Hemisphere Project


The Hemisphere Project, also called simply Hemisphere, is a mass surveillance program conducted by US telephone company AT&T and paid for by the White House Office of National Drug Control Policy and the Drug Enforcement Administration.
AT&T employees work alongside the DEA and local law enforcement agencies at High Intensity Drug Trafficking Area offices in Los Angeles, Atlanta, Dallas and Houston, where they supply officials with metadata from a database of telephone calls dating back to 1987. The information is handed over in response to subpoenas, rather than search warrants. The DEA has the power to issue "administrative subpoenas" without involvement of a court. Call detail records are collected for all calls handled by AT&T's switches, not only calls placed by AT&T customers. The records include the caller's location and number around four billion per day. A telephone call may create more than one entry in the database.

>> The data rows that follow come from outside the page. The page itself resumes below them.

(* If $s\ge3$ and $s$ is odd, then $\mathrm{ex}(n,P^{(3)}_s)\ge\left(1-\frac{4}{(s-1)^2}+o(1)\right)\binom{n}{3}$, where $o(1)\to0$ as $n\to\infty$ with $s$ fixed.
   Context: An ordered $3$-uniform hypergraph is a $3$-uniform hypergraph with linearly ordered vertex set; $G$ contains $H$ if there is an order-preserving injection $f:V(H)\to V(G)$ with $f(e)\in E(G)$ for all $e\in E(H)$. $\mathrm{ex}(n,H)$ is the maximum number of edges of an $n$-vertex ordered $3$-uniform hypergraph not containing $H$. $P^{(3)}_s$ has vertices $v_1<\dots<v_s$ and edges $\{v_j,v_{j+1},v_{j+2}\}$ for $1\le j\le s-2$. *)

theory Defs
  imports "HOL-Analysis.Analysis"
begin

text \<open>An ordered 3-uniform hypergraph on n vertices: vertex set {0..<n} with the
natural order of nat; edges are 3-element subsets of {0..<n}.
(Every ordered n-vertex hypergraph is isomorphic to one of these.)\<close>

definition hypergraph3 :: "nat \<Rightarrow> nat set set \<Rightarrow> bool" where
  "hypergraph3 n E \<longleftrightarrow> (\<forall>e\<in>E. e \<subseteq> {0..<n} \<and> card e = 3)"

definition contains_tight_path :: "nat \<Rightarrow> nat set set \<Rightarrow> bool" where
  "contains_tight_path s E \<longleftrightarrow>
     (\<exists>f::nat \<Rightarrow> nat. strict_mono_on {0..<s} f \<and>
        (\<forall>j. j + 2 < s \<longrightarrow> {f j, f (j+1), f (j+2)} \<in> E))"

definition ex_tight_path :: "nat \<Rightarrow> nat \<Rightarrow> nat" where
  "ex_tight_path n s =
     Max {card E | E. hypergraph3 n E \<and> \<not> contains_tight_path s E}"

end

theory Submission
  imports Defs
begin

text \<open>Write \<open>s = 2k + 1\<close> and cut \<open>{0..<n}\<close> into \<open>k\<close> consecutive blocks of length \<open>L = n div k + 1\<close>.
  Keep exactly the triples that meet at least two blocks. Along a tight path
  \<open>v\<^sub>0 < \<dots> < v\<^sub>2\<^sub>k\<close> the block index is non-decreasing and takes fewer than \<open>k\<close> values, so it cannot
  increase strictly at each of the \<open>k\<close> double steps \<open>v\<^sub>j \<mapsto> v\<^sub>j\<^sub>+\<^sub>2\<close>; where it does not, the edge
  \<open>{v\<^sub>j, v\<^sub>j\<^sub>+\<^sub>1, v\<^sub>j\<^sub>+\<^sub>2}\<close> lies in one block and is missing. At most \<open>k \<cdot> (L choose 3) \<le> (n + k)\<^sup>3 / (6k\<^sup>2)\<close>
  triples are lost, a fraction \<open>1/k\<^sup>2 + o(1) = 4/(s - 1)\<^sup>2 + o(1)\<close> of all of them.\<close>

lemma real_choose_three: "real (n choose 3) = real n * (real n - 1) * (real n - 2) / 6"
proof -
  have "real (n choose 3) = (\<Prod>i = 0..<3. (real n - of_nat i) / of_nat (3 - i))"
    by (simp add: binomial_gbinomial gbinomial_altdef_of_nat)
  then show ?thesis
    by (simp add: numeral_3_eq_3 prod.atLeast0_lessThan_Suc)
qed

lemma choose_three_le_cube: "real (n choose 3) \<le> real n ^ 3 / 6"
proof (cases "n \<ge> 2")
  case True
  then have "real n * (real n - 1) * (real n - 2) \<le> real n * real n * real n"
    by (intro mult_mono) auto
  then show ?thesis
    by (simp add: real_choose_three power3_eq_cube)
next
  case False
  then have "n = 0 \<or> n = 1" by auto
  then show ?thesis by (auto simp: binomial_eq_0)
qed

lemma cube_over_choose_three_tendsto:
  "((\<lambda>n. (real n + c) ^ 3 / real (n choose 3)) \<longlongrightarrow> 6) sequentially"
proof -
  have "((\<lambda>n. 6 * (1 + c / real n) ^ 3 / ((1 - 1 / real n) * (1 - 2 / real n)))
          \<longlongrightarrow> 6 * (1 + 0) ^ 3 / ((1 - 0) * (1 - 0))) sequentially"
    by (intro tendsto_intros lim_const_over_n) auto
  moreover have "\<forall>\<^sub>F n in sequentially.
      6 * (1 + c / real n) ^ 3 / ((1 - 1 / real n) * (1 - 2 / real n)) = (real n + c) ^ 3 / real (n choose 3)"
    using eventually_gt_at_top[of 2]
  proof eventually_elim
    case (elim n)
    have "real n + c = real n * (1 + c / real n)"
      and "real n * (real n - 1) * (real n - 2) = real n ^ 3 * ((1 - 1 / real n) * (1 - 2 / real n))"
      using elim by (simp_all add: field_simps power3_eq_cube)
    then show ?case
      using elim by (simp add: real_choose_three power_mult_distrib)
  qed
  ultimately show ?thesis
    using tendsto_cong by fastforce
qed

lemma card_le_ex_tight_path:
  assumes "hypergraph3 n E" and "\<not> contains_tight_path s E"
  shows "card E \<le> ex_tight_path n s"
proof -
  have "{card E | E. hypergraph3 n E \<and> \<not> contains_tight_path s E} \<subseteq> card ` Pow (Pow {0..<n})"
    unfolding hypergraph3_def by auto
  then have "finite {card E | E. hypergraph3 n E \<and> \<not> contains_tight_path s E}"
    by (rule finite_subset) simp
  then show ?thesis
    unfolding ex_tight_path_def using assms by (intro Max_ge) auto
qed

lemma mono_on_double_step_repeats:
  fixes g :: "nat \<Rightarrow> nat"
  assumes "mono_on {..2*k} g" and "g (2*k) < g 0 + k"
  shows "\<exists>j. j + 2 \<le> 2*k \<and> g j = g (j + 2)"
proof (rule ccontr)
  assume "\<nexists>j. j + 2 \<le> 2*k \<and> g j = g (j + 2)"
  then have increase: "g j < g (j + 2)" if "j + 2 \<le> 2*k" for j
    using mono_onD[OF assms(1), of j "j + 2"] that by fastforce
  have "g 0 + i \<le> g (2*i)" if "i \<le> k" for i
    using that
  proof (induction i)
    case (Suc i)
    then show ?case using increase[of "2*i"] by simp
  qed simp
  from this[of k] assms(2) show False by simp
qed

definition crossing_triples :: "nat \<Rightarrow> nat \<Rightarrow> nat set set" where
  "crossing_triples n L =
     {e. e \<subseteq> {0..<n} \<and> card e = 3 \<and> (\<exists>x\<in>e. \<exists>y\<in>e. x div L \<noteq> y div L)}"

lemma hypergraph3_crossing_triples: "hypergraph3 n (crossing_triples n L)"
  unfolding hypergraph3_def crossing_triples_def by auto

lemma crossing_triples_tight_path_free:
  assumes "k \<ge> 1" and "n \<le> k * L"
  shows "\<not> contains_tight_path (2*k + 1) (crossing_triples n L)"
proof
  assume "contains_tight_path (2*k + 1) (crossing_triples n L)"
  then obtain f where f_mono: "strict_mono_on {0..<2*k + 1} f"
    and f_edge: "\<And>j. j + 2 < 2*k + 1 \<Longrightarrow> {f j, f (j+1), f (j+2)} \<in> crossing_triples n L"
    unfolding contains_tight_path_def by blast
  define g where "g i = f i div L" for i
  have g_mono: "mono_on {..2*k} g"
    unfolding g_def using f_mono
    by (intro mono_onI div_le_mono) (auto intro: strict_mono_on_leD)
  obtain m where "k = m + 1"
    using assms(1) by (metis le_add_diff_inverse2)
  then have "{f (2*m), f (2*m + 1), f (2*k)} \<in> crossing_triples n L"
    using f_edge[of "2*m"] by simp
  then have "f (2*k) < n"
    unfolding crossing_triples_def by auto
  then have "g (2*k) < k"
    unfolding g_def using assms(2) by (simp add: less_mult_imp_div_less mult.commute)
  then obtain j where j: "j + 2 \<le> 2*k" "g j = g (j + 2)"
    using mono_on_double_step_repeats[OF g_mono] by fastforce
  moreover have "g j \<le> g (j + 1)" "g (j + 1) \<le> g (j + 2)"
    using mono_onD[OF g_mono] j(1) by auto
  ultimately have "g j = g (j + 1)" "g (j + 1) = g (j + 2)" by auto
  moreover have "{f j, f (j+1), f (j+2)} \<in> crossing_triples n L"
    using f_edge j(1) by simp
  ultimately show False
    unfolding crossing_triples_def g_def by auto
qed

lemma card_crossing_triples:
  assumes "n \<le> k * L"
  shows "n choose 3 \<le> card (crossing_triples n L) + k * (L choose 3)"
proof -
  define block_triples where "block_triples i = {e. e \<subseteq> {i*L..<(i+1)*L} \<and> card e = 3}" for i
  define T where "T = {e. e \<subseteq> {0..<n} \<and> card e = 3}"
  have "T \<subseteq> crossing_triples n L \<union> (\<Union>i<k. block_triples i)"
  proof
    fix e assume "e \<in> T"
    show "e \<in> crossing_triples n L \<union> (\<Union>i<k. block_triples i)"
    proof (cases "e \<in> crossing_triples n L")
      case False
      from \<open>e \<in> T\<close> have "e \<noteq> {}" and e_sub: "e \<subseteq> {0..<n}" and "card e = 3"
        unfolding T_def by auto
      then obtain x where "x \<in> e" by blast
      with e_sub have "x < n" by auto
      have same_block: "y div L = x div L" if "y \<in> e" for y
        using False e_sub \<open>card e = 3\<close> \<open>x \<in> e\<close> that unfolding crossing_triples_def by blast
      have L: "L > 0"
        using \<open>x < n\<close> assms by (cases "L = 0") auto
      have "x div L < k"
        using \<open>x < n\<close> assms by (simp add: less_mult_imp_div_less mult.commute)
      moreover have "e \<subseteq> {x div L * L..<(x div L + 1) * L}"
      proof
        fix y assume "y \<in> e"
        then show "y \<in> {x div L * L..<(x div L + 1) * L}"
          using same_block[of y] div_times_less_eq_dividend[of y L] dividend_less_div_times[OF L, of y]
          by simp
      qed
      then have "e \<in> block_triples (x div L)"
        using \<open>card e = 3\<close> unfolding block_triples_def by simp
      ultimately show ?thesis by blast
    qed simp
  qed
  moreover have "finite (crossing_triples n L)"
    by (rule finite_subset[of _ "Pow {0..<n}"]) (auto simp: crossing_triples_def)
  moreover have "finite (block_triples i)" for i
    by (rule finite_subset[of _ "Pow {i*L..<(i+1)*L}"]) (auto simp: block_triples_def)
  ultimately have "card T \<le> card (crossing_triples n L \<union> (\<Union>i<k. block_triples i))"
    by (intro card_mono) auto
  also have "\<dots> \<le> card (crossing_triples n L) + card (\<Union>i<k. block_triples i)"
    by (rule card_Un_le)
  also have "card (\<Union>i<k. block_triples i) \<le> (\<Sum>i<k. card (block_triples i))"
    by (rule card_UN_le) simp
  also have "\<dots> = k * (L choose 3)"
    by (simp add: block_triples_def n_subsets)
  finally show ?thesis
    by (simp add: T_def n_subsets)
qed

lemma ex_tight_path_odd_ge:
  assumes "k \<ge> 1"
  shows "real (n choose 3) - (real n + real k) ^ 3 / (6 * real k ^ 2) \<le> real (ex_tight_path n (2*k + 1))"
proof -
  define L where "L = n div k + 1"
  have nL: "n \<le> k * L" and kL: "real k * real L \<le> real n + real k"
    unfolding L_def using div_times_less_eq_dividend[of n k] dividend_less_div_times[of k n] assms
    by (simp_all add: algebra_simps flip: of_nat_mult of_nat_add)
  have "card (crossing_triples n L) \<le> ex_tight_path n (2*k + 1)"
    using hypergraph3_crossing_triples crossing_triples_tight_path_free[OF assms nL]
    by (rule card_le_ex_tight_path)
  with card_crossing_triples[OF nL]
  have "n choose 3 \<le> ex_tight_path n (2*k + 1) + k * (L choose 3)"
    by linarith
  then have "real (n choose 3) \<le> real (ex_tight_path n (2*k + 1)) + real k * real (L choose 3)"
    by (metis of_nat_add of_nat_le_iff of_nat_mult)
  moreover have "real k * real (L choose 3) \<le> (real n + real k) ^ 3 / (6 * real k ^ 2)"
  proof -
    have "real k * real (L choose 3) \<le> real k * (real L ^ 3 / 6)"
      by (intro mult_left_mono choose_three_le_cube) simp
    also have "\<dots> = (real k * real L) ^ 3 / (6 * real k ^ 2)"
      using assms by (simp add: field_simps power3_eq_cube power2_eq_square)
    also have "\<dots> \<le> (real n + real k) ^ 3 / (6 * real k ^ 2)"
      using kL by (intro divide_right_mono power_mono) auto
    finally show ?thesis .
  qed
  ultimately show ?thesis by linarith
qed

theorem corollary4p3:
  fixes s :: nat
  assumes "s \<ge> 3" and "odd s"
  shows "\<forall>\<epsilon>>0. \<forall>\<^sub>F n in sequentially.
           real (ex_tight_path n s)
             \<ge> (1 - 4 / (real s - 1)^2 - \<epsilon>) * real (n choose 3)"
proof (intro allI impI)
  fix \<epsilon> :: real assume "\<epsilon> > 0"
  from assms(2) obtain k where s: "s = 2*k + 1" by (rule oddE)
  with assms(1) have k: "k \<ge> 1" by simp
  have ks: "4 / (real s - 1)^2 = 1 / real k ^ 2"
    using s by (simp add: power2_eq_square)
  have "6 < 6 + 6 * \<epsilon> * real k ^ 2"
    using \<open>\<epsilon> > 0\<close> k by simp
  then have "\<forall>\<^sub>F n in sequentially. (real n + real k) ^ 3 / real (n choose 3) < 6 + 6 * \<epsilon> * real k ^ 2"
    by (rule order_tendstoD(2)[OF cube_over_choose_three_tendsto])
  with eventually_ge_at_top[of 3]
  show "\<forall>\<^sub>F n in sequentially. real (ex_tight_path n s) \<ge> (1 - 4 / (real s - 1)^2 - \<epsilon>) * real (n choose 3)"
  proof eventually_elim
    case (elim n)
    then have "(real n + real k) ^ 3 < (6 + 6 * \<epsilon> * real k ^ 2) * real (n choose 3)"
      by (simp add: divide_less_eq)
    then have "(real n + real k) ^ 3 / (6 * real k ^ 2)
        < (6 + 6 * \<epsilon> * real k ^ 2) * real (n choose 3) / (6 * real k ^ 2)"
      using k by (intro divide_strict_right_mono) auto
    also have "\<dots> = (1 / real k ^ 2 + \<epsilon>) * real (n choose 3)"
      using k by (simp add: field_simps)
    finally show ?case
      using ex_tight_path_odd_ge[OF k, of n] unfolding ks s by (simp add: algebra_simps)
  qed
qed
end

The program began in 2007 or earlier, but did not become public until 2013, when activist Drew Hendricks found a Powerpoint file about it among materials turned over in response to a FOIA request. Marked as "law enforcement sensitive", the file gives examples of suspects said to have been found with Hemisphere data. Several of the suspects given as examples were wanted in connection to crimes unrelated to drugs, such as making bomb threats, impersonating a military officer, and theft from a jewelry store.
The White House said that the data raises no privacy concerns, a statement contradicted by Jameel Jaffer of the ACLU, who said he would "speculate that one reason for the secrecy of the program is that it would be very hard to justify it to the public or the courts."
The program was likened to proposals made by legislators after the disclosure of PRISM, in particular one by Representative Adam Schiff who had called for a "look at changing the telephone metadata program by having phone companies retain their own data, rather of the government."
Spokespeople for Sprint, Verizon and T-mobile USA would not comment on whether their companies offered similar services.